▶ **Provided records**
■ ■ ■ ■

(* If $f\colon X\to Y$ is an asymptotically Lipschitz function of metric spaces, then $\operatorname{asdim}_{AN}(X)\le \operatorname{asdim}_{AN}(f)+\operatorname{asdim}_{AN}(Y)$.
   Context: $f$ is asymptotically Lipschitz if there are constants $a,b\ge0$ with $d_Y(f(x),f(y))\le a\,d_X(x,y)+b$ for all $x,y$. For a metric space $X$, an $n$-dimensional control function is $D_X\colon\mathbb R_+\to\mathbb R_+$ such that for each $r>0$ there are families $\mathcal U_1,\dots,\mathcal U_{n+1}$ of subsets of $X$, each $r$-disjoint (points in different members at distance $\ge r$), with members of diameter $\le D_X(r)$, whose union covers $X$. $\operatorname{asdim}_{AN}(X)\le n$ iff $X$ has an $n$-dimensional control function of the form $D_X(r)=cr+b$ with $b,c\ge0$. For $r>0$, the $r$-components of $A\subset X$ are the classes of points of $A$ joined by finite sequences in $A$ with consecutive distances $\le r$. An $m$-dimensional control function of $f$ is $D_f\colon\mathbb R_+\times\mathbb R_+\to\mathbb R_+$ such that for all $r_X,R_Y>0$ every $A\subset X$ with $\operatorname{diam} f(A)\le R_Y$ is a union of $m+1$ sets whose $r_X$-components have diameter $\le D_f(r_X,R_Y)$. $\operatorname{asdim}_{AN}(f)$ is the minimal $m$ for which $f$ has an $m$-dimensional control function of the form $D_f(r_X,R_Y)=a r_X+bR_Y+c$ (constants $a,b,c$). *)

theory Defs
  imports "HOL-Analysis.Analysis" "HOL-Library.Extended_Nat"
begin

definition asymp_lipschitz :: "'a metric \<Rightarrow> 'b metric \<Rightarrow> ('a \<Rightarrow> 'b) \<Rightarrow> bool" where
  "asymp_lipschitz X Y f \<longleftrightarrow> f ` mspace X \<subseteq> mspace Y \<and>
     (\<exists>a b::real. a \<ge> 0 \<and> b \<ge> 0 \<and>
        (\<forall>x\<in>mspace X. \<forall>y\<in>mspace X. mdist Y (f x) (f y) \<le> a * mdist X x y + b))"

definition diam_le :: "'a metric \<Rightarrow> 'a set \<Rightarrow> real \<Rightarrow> bool" where
  "diam_le X A D \<longleftrightarrow> (\<forall>x\<in>A. \<forall>y\<in>A. mdist X x y \<le> D)"

definition r_disjoint :: "'a metric \<Rightarrow> real \<Rightarrow> 'a set set \<Rightarrow> bool" where
  "r_disjoint X r U \<longleftrightarrow>
     (\<forall>A\<in>U. \<forall>B\<in>U. A \<noteq> B \<longrightarrow> (\<forall>x\<in>A. \<forall>y\<in>B. mdist X x y \<ge> r))"

(* n-dimensional control function of X: families U 0, ..., U n (n+1 families) *)
definition control_fun :: "'a metric \<Rightarrow> nat \<Rightarrow> (real \<Rightarrow> real) \<Rightarrow> bool" where
  "control_fun X n D \<longleftrightarrow> (\<forall>r>0. \<exists>U::nat \<Rightarrow> 'a set set.
      (\<forall>i\<le>n. r_disjoint X r (U i) \<and> (\<forall>A\<in>U i. A \<subseteq> mspace X \<and> diam_le X A (D r))) \<and>
      mspace X \<subseteq> (\<Union>i\<le>n. \<Union>(U i)))"

definition asdimAN_le :: "'a metric \<Rightarrow> nat \<Rightarrow> bool" where
  "asdimAN_le X n \<longleftrightarrow> (\<exists>b c::real. b \<ge> 0 \<and> c \<ge> 0 \<and> control_fun X n (\<lambda>r. c * r + b))"

definition asdimAN :: "'a metric \<Rightarrow> enat" where
  "asdimAN X = Inf {enat n | n. asdimAN_le X n}"

(* x and y lie in the same r-component of A *)
definition r_chain :: "'a metric \<Rightarrow> real \<Rightarrow> 'a set \<Rightarrow> 'a \<Rightarrow> 'a \<Rightarrow> bool" where
  "r_chain X r A x y \<longleftrightarrow> x \<in> A \<and> (\<lambda>u v. u \<in> A \<and> v \<in> A \<and> mdist X u v \<le> r)\<^sup>*\<^sup>* x y"

definition components_diam_le :: "'a metric \<Rightarrow> real \<Rightarrow> 'a set \<Rightarrow> real \<Rightarrow> bool" where
  "components_diam_le X r A D \<longleftrightarrow> (\<forall>x\<in>A. \<forall>y\<in>A. r_chain X r A x y \<longrightarrow> mdist X x y \<le> D)"

definition fun_control_fun ::
  "'a metric \<Rightarrow> 'b metric \<Rightarrow> ('a \<Rightarrow> 'b) \<Rightarrow> nat \<Rightarrow> (real \<Rightarrow> real \<Rightarrow> real) \<Rightarrow> bool" where
  "fun_control_fun X Y f m D \<longleftrightarrow> (\<forall>rX>0. \<forall>RY>0. \<forall>A. A \<subseteq> mspace X \<longrightarrow>
      diam_le Y (f ` A) RY \<longrightarrow>
      (\<exists>B::nat \<Rightarrow> 'a set. A = (\<Union>i\<le>m. B i) \<and>
          (\<forall>i\<le>m. components_diam_le X rX (B i) (D rX RY))))"

definition fun_asdimAN_le :: "'a metric \<Rightarrow> 'b metric \<Rightarrow> ('a \<Rightarrow> 'b) \<Rightarrow> nat \<Rightarrow> bool" where
  "fun_asdimAN_le X Y f m \<longleftrightarrow> (\<exists>a b c::real. a \<ge> 0 \<and> b \<ge> 0 \<and> c \<ge> 0 \<and>
      fun_control_fun X Y f m (\<lambda>r R. a * r + b * R + c))"

definition fun_asdimAN :: "'a metric \<Rightarrow> 'b metric \<Rightarrow> ('a \<Rightarrow> 'b) \<Rightarrow> enat" where
  "fun_asdimAN X Y f = Inf {enat m | m. fun_asdimAN_le X Y f m}"

end

(* For a scale r, choose n + 1 families of R-disjoint bounded sets covering Y, with R much
   larger than r, and split the preimage of a neighbourhood of each of these sets into m + 1
   pieces whose rho-components are bounded.  A colouring of X is encoded as a cumulative
   partition of unity 0 = F 0 <= ... <= F M = 1 that varies little on r-close points: the sets
   where some increment is at least 1/M cover X, and their r-components have bounded diameter.
   Starting from the trivial partition, the families of Y are merged in one at a time; each
   merge interpolates, through piecewise linear ramps of the bump functions of the families,
   between the partition built so far and the bump stair of the pieces, and costs a single
   extra level.  After n + 1 merges there are m + n + 1 levels on all of X, and all bounds are
   affine in r. *)

theory Submission
  imports Defs
begin

definition ramp :: "real \<Rightarrow> real \<Rightarrow> real \<Rightarrow> real" where
  "ramp s d t = min 1 (max 0 ((t - s) / d))"

lemma ramp_ge_0: "0 \<le> ramp s d t" and ramp_le_1: "ramp s d t \<le> 1"
  by (auto simp: ramp_def)

lemma ramp_lipschitz:
  assumes "0 < d" shows "\<bar>ramp s d t - ramp s d t'\<bar> \<le> \<bar>t - t'\<bar> / d"
proof -
  have "\<bar>ramp s d t - ramp s d t'\<bar> \<le> \<bar>(t - s) / d - (t' - s) / d\<bar>"
    unfolding ramp_def by (simp add: min_def max_def abs_if)
  also have "\<dots> = \<bar>t - t'\<bar> / d"
    using assms by (simp add: diff_divide_distrib[symmetric] abs_divide)
  finally show ?thesis .
qed

lemma ramp_osc:
  assumes "0 < d" "\<bar>t - t'\<bar> \<le> e" shows "\<bar>ramp s d t - ramp s d t'\<bar> \<le> e / d"
  using ramp_lipschitz[OF assms(1), of s t t'] divide_right_mono[OF assms(2), of d] assms(1)
  by linarith

lemma ramp_pos_imp:
  assumes "0 < d" "0 < ramp s d t" shows "s < t"
proof -
  have "0 < (t - s) / d" using assms(2) by (auto simp: ramp_def min_def max_def split: if_splits)
  then show ?thesis using assms(1) by (simp add: zero_less_divide_iff)
qed

lemma ramp_less_1_imp:
  assumes "0 < d" "ramp s d t < 1" shows "t < s + d"
proof -
  have "(t - s) / d < 1" using assms(2) by (auto simp: ramp_def min_def max_def split: if_splits)
  then show ?thesis using assms(1) by (simp add: divide_less_eq)
qed

lemma ramp_eq_1: "0 < d \<Longrightarrow> s + d \<le> t \<Longrightarrow> ramp s d t = 1"
  by (simp add: ramp_def le_divide_eq)

definition damp :: "real \<Rightarrow> real \<Rightarrow> real" where
  "damp p u = 1 - p * (1 - u)"

lemma damp_1 [simp]: "damp 1 u = u" and damp_0 [simp]: "damp 0 u = 1"
  and damp_of_1 [simp]: "damp p 1 = 1"
  by (simp_all add: damp_def)

lemma damp_bounds:
  assumes "0 \<le> p" "p \<le> 1" "0 \<le> u" "u \<le> 1"
  shows "0 \<le> damp p u" "damp p u \<le> 1"
  using assms mult_le_one[of p "1 - u"] by (simp_all add: damp_def)

lemma damp_diff: "damp p u' - damp p u = p * (u' - u)"
  by (simp add: damp_def algebra_simps)

lemma damp_mono: "0 \<le> p \<Longrightarrow> u \<le> u' \<Longrightarrow> damp p u \<le> damp p u'"
  by (metis damp_diff diff_ge_0_iff_ge mult_nonneg_nonneg)

lemma damp_lipschitz:
  assumes "0 \<le> p" "p \<le> 1" "0 \<le> u" "u \<le> 1" "0 \<le> p'" "p' \<le> 1" "0 \<le> u'" "u' \<le> 1"
  shows "\<bar>damp p u - damp p' u'\<bar> \<le> \<bar>p - p'\<bar> + \<bar>u - u'\<bar>"
proof -
  have "damp p u - damp p' u' = (p' - p) * (1 - u') + p * (u - u')"
    by (simp add: damp_def algebra_simps)
  moreover have "\<bar>(p' - p) * (1 - u')\<bar> \<le> \<bar>p - p'\<bar>"
    using assms by (simp add: abs_mult abs_minus_commute mult_left_le)
  moreover have "\<bar>p * (u - u')\<bar> \<le> \<bar>u - u'\<bar>"
    using assms by (simp add: abs_mult mult_left_le_one_le)
  ultimately show ?thesis
    using abs_triangle_ineq[of "(p' - p) * (1 - u')" "p * (u - u')"] by linarith
qed

lemma abs_min_diff_le: "\<bar>min (a::real) b - min c d\<bar> \<le> max \<bar>a - c\<bar> \<bar>b - d\<bar>"
proof -
  have "a - c \<le> \<bar>a - c\<bar>" "c - a \<le> \<bar>a - c\<bar>" "b - d \<le> \<bar>b - d\<bar>" "d - b \<le> \<bar>b - d\<bar>"
    "\<bar>a - c\<bar> \<le> max \<bar>a - c\<bar> \<bar>b - d\<bar>" "\<bar>b - d\<bar> \<le> max \<bar>a - c\<bar> \<bar>b - d\<bar>"
    "min a b \<le> a" "min a b \<le> b" "min c d \<le> c" "min c d \<le> d"
    "min a b = a \<or> min a b = b" "min c d = c \<or> min c d = d" by auto
  then show ?thesis unfolding abs_le_iff by linarith
qed

lemma abs_max_diff_le: "\<bar>max (a::real) b - max c d\<bar> \<le> max \<bar>a - c\<bar> \<bar>b - d\<bar>"
proof -
  have "a - c \<le> \<bar>a - c\<bar>" "c - a \<le> \<bar>a - c\<bar>" "b - d \<le> \<bar>b - d\<bar>" "d - b \<le> \<bar>b - d\<bar>"
    "\<bar>a - c\<bar> \<le> max \<bar>a - c\<bar> \<bar>b - d\<bar>" "\<bar>b - d\<bar> \<le> max \<bar>a - c\<bar> \<bar>b - d\<bar>"
    "a \<le> max a b" "b \<le> max a b" "c \<le> max c d" "d \<le> max c d"
    "max a b = a \<or> max a b = b" "max c d = c \<or> max c d = d" by auto
  then show ?thesis unfolding abs_le_iff by linarith
qed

■ ■ ■ ■

What is the number of lines in the data that hold the word "subseteq"? Reply with that number and nothing else.

▶ **Written reply**
4